Sawers had expected a flowering of enthusiasm after the weight of oppression was lifted. That initiative, he believes, was beaten down by decades of dictatorship and centralized control.

“You’ve got both physical problems and attitude problems,” he said. “People have needed a very specific set of instructions to be told what to do.... It is not springing back to life.... It has to be nurtured back to life.”

“We employees still feel insecure, which of course affects our motivation,” said Mohammed Shaker Mahmoud, an employee at the electrical parts factory.

But for him, it is more a matter of being exhausted by daily hardships. “What we get as salary from the Americans is not enough to cover our daily expenses, so some of us do not want to come in and do their jobs.
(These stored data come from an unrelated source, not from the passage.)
section \<open>Invariant pairings\<close>

text \<open>wedge : W \<times> W \<rightarrow> W* is equivariant for X, where X acts on W* dually.\<close>

definition invariant_pairing :: "('a::real_vector \<Rightarrow> 'a \<Rightarrow> 'a \<Rightarrow> real) \<Rightarrow> ('a \<Rightarrow> 'a) \<Rightarrow> bool" where
  "invariant_pairing wedge X \<longleftrightarrow>
     (\<forall>a b c. wedge (X a) b c + wedge a (X b) c = - wedge a b (X c))"

lemma invariant_pairing_weight:
  assumes inv: "invariant_pairing wedge X" and wb: "\<forall>c. bilinear (\<lambda>a b. wedge a b c)"
    and a: "X a = \<alpha> *\<^sub>R a" and b: "X b = \<beta> *\<^sub>R b"
  shows "wedge a b (X d) = - (\<alpha> + \<beta>) * wedge a b d"
proof -
  have "wedge (X a) b d = \<alpha> * wedge a b d"
    using a bilinear_lmul[OF wb[rule_format, of d]] by simp
  moreover have "wedge a (X b) d = \<beta> * wedge a b d"
    using b bilinear_rmul[OF wb[rule_format, of d]] by simp
  moreover have "wedge (X a) b d + wedge a (X b) d = - wedge a b (X d)"
    using inv unfolding invariant_pairing_def by blast
  ultimately show ?thesis
    by (simp add: algebra_simps)
qed

text \<open>Such a functional vanishes unless -(\<alpha> + \<beta>) is an eigenvalue of X, since then
  X + (\<alpha> + \<beta>) is onto.\<close>

lemma invariant_pairing_vanishes:
  fixes wedge :: "'a::euclidean_space \<Rightarrow> 'a \<Rightarrow> 'a \<Rightarrow> real"
  assumes wl: "\<forall>a b. linear (wedge a b)" and wb: "\<forall>c. bilinear (\<lambda>a b. wedge a b c)"
    and X: "linear X" and inv: "invariant_pairing wedge X"
    and a: "X a = \<alpha> *\<^sub>R a" and b: "X b = \<beta> *\<^sub>R b"
    and no_eig: "\<not> has_eigenvalue X (-(\<alpha> + \<beta>))"
  shows "wedge a b c = 0"
proof -
  have lw: "linear (wedge a b)"
    using wl by blast
  define G where "G v = X v + (\<alpha> + \<beta>) *\<^sub>R v" for v
  have G: "linear G"
    unfolding G_def by (rule linearI) (simp_all add: linear_add[OF X] linear_scale[OF X] algebra_simps)
  have "inj G"
  proof (rule linear_injective_0[OF G, THEN iffD2], intro allI impI)
    fix v assume "G v = 0"
    then have "X v = - ((\<alpha> + \<beta>) *\<^sub>R v)"
      unfolding G_def by (simp add: eq_neg_iff_add_eq_0)
    then have "X v = (-(\<alpha> + \<beta>)) *\<^sub>R v"
      by (simp only: scaleR_minus_left)
    then show "v = 0"
      using no_eig unfolding has_eigenvalue_def by blast
  qed
  then obtain d where d: "c = G d"
    using eucl.linear_injective_imp_surjective[OF G] by (metis surjD)
  have "wedge a b c = wedge a b (X d) + (\<alpha> + \<beta>) * wedge a b d"
    using d linear_add[OF lw] linear_scale[OF lw] unfolding G_def by simp
  also have "\<dots> = 0"
    by (simp add: invariant_pairing_weight[OF inv wb a b] algebra_simps)
  finally show ?thesis .
qed

lemma pairing_nonzero_on_plane:
  fixes wedge :: "'a::euclidean_space \<Rightarrow> 'a \<Rightarrow> 'a \<Rightarrow> real"
  assumes wb: "\<forall>c. bilinear (\<lambda>a b. wedge a b c)" and ws: "\<forall>a b. wedge a b = wedge b a"
    and nd: "\<forall>U. subspace U \<and> dim U = 2 \<longrightarrow> (\<exists>a\<in>U. \<exists>b\<in>U. (\<exists>c. wedge a b c \<noteq> 0))"
    and a: "a \<noteq> 0" and b: "b \<notin> span {a}"
  shows "\<exists>c. wedge a a c \<noteq> 0 \<or> wedge b b c \<noteq> 0 \<or> wedge a b c \<noteq> 0"
proof (rule ccontr)
  assume "\<not> ?thesis"
  then have vanish_ab: "wedge a a c = 0" "wedge b b c = 0" "wedge a b c = 0" for c
    by auto
  have vanish: "wedge a a c = 0" "wedge b b c = 0" "wedge a b c = 0" "wedge b a c = 0" for c
    using vanish_ab by (simp_all add: ws[rule_format, of b a])
  define U where "U = span {b, a}"
  have ind: "independent {b, a}"
    using b a by (simp add: real_vector.independent_insertI real_vector.independent_empty
        real_vector.span_empty)
  have "b \<noteq> a"
    using b real_vector.span_base by blast
  then have "dim U = 2"
    unfolding U_def using real_vector.dim_span_eq_card_independent[OF ind] by simp
  then obtain x y c where xy: "x \<in> U" "y \<in> U" "wedge x y c \<noteq> 0"
    using nd real_vector.subspace_span unfolding U_def by blast
  have comb: "\<exists>k l. z = k *\<^sub>R b + l *\<^sub>R a" if "z \<in> U" for z
  proof -
    from that obtain k where "z - k *\<^sub>R b \<in> span {a}"
      unfolding U_def using real_vector.span_insert[of b "{a}"] by auto
    then obtain l where "z - k *\<^sub>R b = l *\<^sub>R a"
      by (auto simp: real_vector.span_singleton)
    then show ?thesis
      by (metis diff_add_cancel add.commute)
  qed
  obtain k l k' l' where "x = k *\<^sub>R b + l *\<^sub>R a" "y = k' *\<^sub>R b + l' *\<^sub>R a"
    using comb[OF xy(1)] comb[OF xy(2)] by blast
  moreover have bc: "bilinear (\<lambda>a b. wedge a b c)"
    using wb by blast
  ultimately have "wedge x y c = 0"
    using bilinear_ladd[OF bc] bilinear_radd[OF bc] bilinear_lmul[OF bc] bilinear_rmul[OF bc] vanish
    by simp
  then show False
    using xy(3) by simp
qed

text \<open>If -2M is not an eigenvalue of H, the M-eigenspace of H is at most a line: the
  pairing vanishes on any two M-eigenvectors.\<close>

lemma top_eigenspace_line:
  fixes wedge :: "'a::euclidean_space \<Rightarrow> 'a \<Rightarrow> 'a \<Rightarrow> real"
  assumes wl: "\<forall>a b. linear (wedge a b)" and wb: "\<forall>c. bilinear (\<lambda>a b. wedge a b c)"
    and ws: "\<forall>a b. wedge a b = wedge b a"
    and nd: "\<forall>U. subspace U \<and> dim U = 2 \<longrightarrow> (\<exists>a\<in>U. \<exists>b\<in>U. (\<exists>c. wedge a b c \<noteq> 0))"
    and H: "linear H" and inv: "invariant_pairing wedge H"
    and no_eig: "\<not> has_eigenvalue H (-(M + M))"
  shows "eigenspace_dim_le_1 H M"
  unfolding eigenspace_dim_le_1_def
proof (intro allI impI, rule ccontr)
  fix x y
  assume x: "H x = M *\<^sub>R x" and y: "H y = M *\<^sub>R y" and "x \<noteq> 0" "y \<notin> span {x}"
  then obtain c where "wedge x x c \<noteq> 0 \<or> wedge y y c \<noteq> 0 \<or> wedge x y c \<noteq> 0"
    using pairing_nonzero_on_plane[OF wb ws nd] by blast
  moreover have "wedge x x c = 0" "wedge y y c = 0" "wedge x y c = 0"
    by (rule invariant_pairing_vanishes[OF wl wb H inv x x no_eig],
        rule invariant_pairing_vanishes[OF wl wb H inv y y no_eig],
        rule invariant_pairing_vanishes[OF wl wb H inv x y no_eig])
  ultimately show False
    by simp
qed

section \<open>Two commuting sl2-triples\<close>

locale commuting_sl2_pair = t1: sl2_triple E1 F1 H1 + t2: sl2_triple E2 F2 H2
  for E1 F1 H1 E2 F2 H2 :: "'a::euclidean_space \<Rightarrow> 'a" +
  assumes commute: "X \<in> {E1, F1, H1} \<Longrightarrow> Y \<in> {E2, F2, H2} \<Longrightarrow> X (Y v) = Y (X v)"
begin

lemma swap: "commuting_sl2_pair E2 F2 H2 E1 F1 H1"
proof (intro commuting_sl2_pair.intro commuting_sl2_pair_axioms.intro)
  show "sl2_triple E2 F2 H2" by (rule t2.sl2_triple_axioms)
  show "sl2_triple E1 F1 H1" by (rule t1.sl2_triple_axioms)
next
  fix X Y v
  assume "X \<in> {E2, F2, H2}" "Y \<in> {E1, F1, H1}"
  then show "X (Y v) = Y (X v)"
    using commute[of Y X v] by simp
qed

lemma adjoint_pair:
  "commuting_sl2_pair (\<lambda>v. - adjoint E1 v) (\<lambda>v. - adjoint F1 v) (\<lambda>v. - adjoint H1 v)
     (\<lambda>v. - adjoint E2 v) (\<lambda>v. - adjoint F2 v) (\<lambda>v. - adjoint H2 v)"
proof (intro commuting_sl2_pair.intro commuting_sl2_pair_axioms.intro)
  show "sl2_triple (\<lambda>v. - adjoint E1 v) (\<lambda>v. - adjoint F1 v) (\<lambda>v. - adjoint H1 v)"
    by (rule adjoint_sl2_triple[OF t1.sl2_triple_axioms])
  show "sl2_triple (\<lambda>v. - adjoint E2 v) (\<lambda>v. - adjoint F2 v) (\<lambda>v. - adjoint H2 v)"
    by (rule adjoint_sl2_triple[OF t2.sl2_triple_axioms])
next
  fix X Y v
  assume X: "X \<in> {\<lambda>v. - adjoint E1 v, \<lambda>v. - adjoint F1 v, \<lambda>v. - adjoint H1 v}"
    and Y: "Y \<in> {\<lambda>v. - adjoint E2 v, \<lambda>v. - adjoint F2 v, \<lambda>v. - adjoint H2 v}"
  have "\<exists>X0\<in>{E1, F1, H1}. X = (\<lambda>v. - adjoint X0 v)"
    using X by simp
  then obtain X0 where X0: "X0 \<in> {E1, F1, H1}" "X = (\<lambda>v. - adjoint X0 v)" ..
  have "\<exists>Y0\<in>{E2, F2, H2}. Y = (\<lambda>v. - adjoint Y0 v)"
    using Y by simp
  then obtain Y0 where Y0: "Y0 \<in> {E2, F2, H2}" "Y = (\<lambda>v. - adjoint Y0 v)" ..
  have lin: "linear X0" "linear Y0"
    using X0(1) Y0(1) t1.linE t1.linF t1.linH t2.linE t2.linF t2.linH by auto
  have "\<forall>w. X0 (Y0 w) = Y0 (X0 w)"
    using commute[OF X0(1) Y0(1)] by blast
  then show "X (Y v) = Y (X v)"
    unfolding X0(2) Y0(2) by (rule adjoint_commute[OF lin])
qed

lemma trivial_on_top_line:
  assumes a: "a \<noteq> 0" "H1 a = c *\<^sub>R a" and line: "eigenspace_dim_le_1 H1 c"
  shows "H2 a = 0 \<and> E2 a = 0"
proof -
  have "H1 (E2 a) = c *\<^sub>R E2 a"
    using commute[of H1 E2 a] a(2) linear_scale[OF t2.linE] by simp
  then obtain s where "E2 a = s *\<^sub>R a"
    using line a unfolding eigenspace_dim_le_1_def by (auto simp: real_vector.span_singleton)
  moreover have "H1 (F2 a) = c *\<^sub>R F2 a"
    using commute[of H1 F2 a] a(2) linear_scale[OF t2.linF] by simp
  then obtain t where "F2 a = t *\<^sub>R a"
    using line a unfolding eigenspace_dim_le_1_def by (auto simp: real_vector.span_singleton)
  ultimately show ?thesis
    by (rule t2.invariant_line_trivial)
qed

text \<open>A joint highest weight vector of weights (M, N) with N \<noteq> 0 cannot exist if the
  (-M)-eigenspace of H1 is a line: its joint lowest weight vector would span that line,
  so the second triple would kill it, contradicting N \<noteq> 0.\<close>

lemma no_joint_highest_vector:
  assumes v: "v \<noteq> 0" "E1 v = 0" "E2 v = 0" "H1 v = M *\<^sub>R v" "H2 v = N *\<^sub>R v"
    and N: "N \<noteq> 0" and line: "eigenspace_dim_le_1 H1 (- M)"
  shows False
proof -
  obtain n1 where n1: "(F1 ^^ n1) v \<noteq> 0" "H1 ((F1 ^^ n1) v) = (- M) *\<^sub>R (F1 ^^ n1) v"
    using t1.highest_weight[OF v(1,2,4)] by blast
  define q1 where "q1 = (F1 ^^ n1) v"
  have "\<forall>w. E2 (F1 w) = F1 (E2 w)" "\<forall>w. H2 (F1 w) = F1 (H2 w)"
    using commute[of F1 E2] commute[of F1 H2] by auto
  then have "E2 q1 = (F1 ^^ n1) (E2 v)" "H2 q1 = (F1 ^^ n1) (H2 v)"
    unfolding q1_def by (simp_all add: commute_funpow)
  then have q1: "E2 q1 = 0" "H2 q1 = N *\<^sub>R q1"
    using v(3,5) linear_0[OF t1.linear_F_pow] linear_scale[OF t1.linear_F_pow]
    by (simp_all add: q1_def)
  obtain n2 where n2: "(F2 ^^ n2) q1 \<noteq> 0" "H2 ((F2 ^^ n2) q1) = (- N) *\<^sub>R (F2 ^^ n2) q1"
    using t2.highest_weight[OF n1(1)[folded q1_def] q1] by blast
  define q where "q = (F2 ^^ n2) q1"
  have "\<forall>w. H1 (F2 w) = F2 (H1 w)"
    using commute[of H1 F2] by auto
  then have "H1 q = (F2 ^^ n2) (H1 q1)"
    unfolding q_def by (simp add: commute_funpow)
  then have "H1 q = (- M) *\<^sub>R q"
    using n1(2) linear_scale[OF t2.linear_F_pow] by (simp add: q_def q1_def linear_neg[OF t2.linear_F_pow])
  then have "H2 q = 0"
    using trivial_on_top_line[OF n2(1)[folded q_def] _ line] by blast
  then show False
    using n2 N unfolding q_def by simp
qed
Sixty dollars is not enough, so I have to moonlight at another job to pay my rent and other costs for the month.”

Mohammed, the factory’s assistant general manager, said he can’t believe that the Americans keep paying salaries to a work force that is essentially idle. What the plant really needs, he said, is the promised U.S. help in getting the plant productive again. “Excuse me, I don’t like to say it -- it’s impolite -- but they’re lying to us.”

Advertisement

Lt. Col. Maan Khalaf of the Khadamiya district police station said his men had faced similar morale problems. But those problems are being overcome, with resulting improvements in performance.

At first, his men had no uniforms, no weapons and no pay as they embarked on the risky work of restoring law and order in the district, he said. But step by step, they’re getting the tools they need.

Khalaf said his forces usually patrol the streets without the escort of U.S. troops. He wears a smart new Western-style uniform with a navy blue armband that identifies him as an officer of the Iraqi police. (Under Hussein, police wore olive-green uniforms almost indistinguishable from those of soldiers.)

Even their pay is better than before, Khalaf said. And the police are more appreciated now than in Hussein’s time, when they were seen as an arm of repression.

“If my pay is better and my social status is higher, why shouldn’t I be happy?” he asked.

“People say, ‘God bless you and thank you for your efforts,’ ” he said. “So of course I will stay in this position.”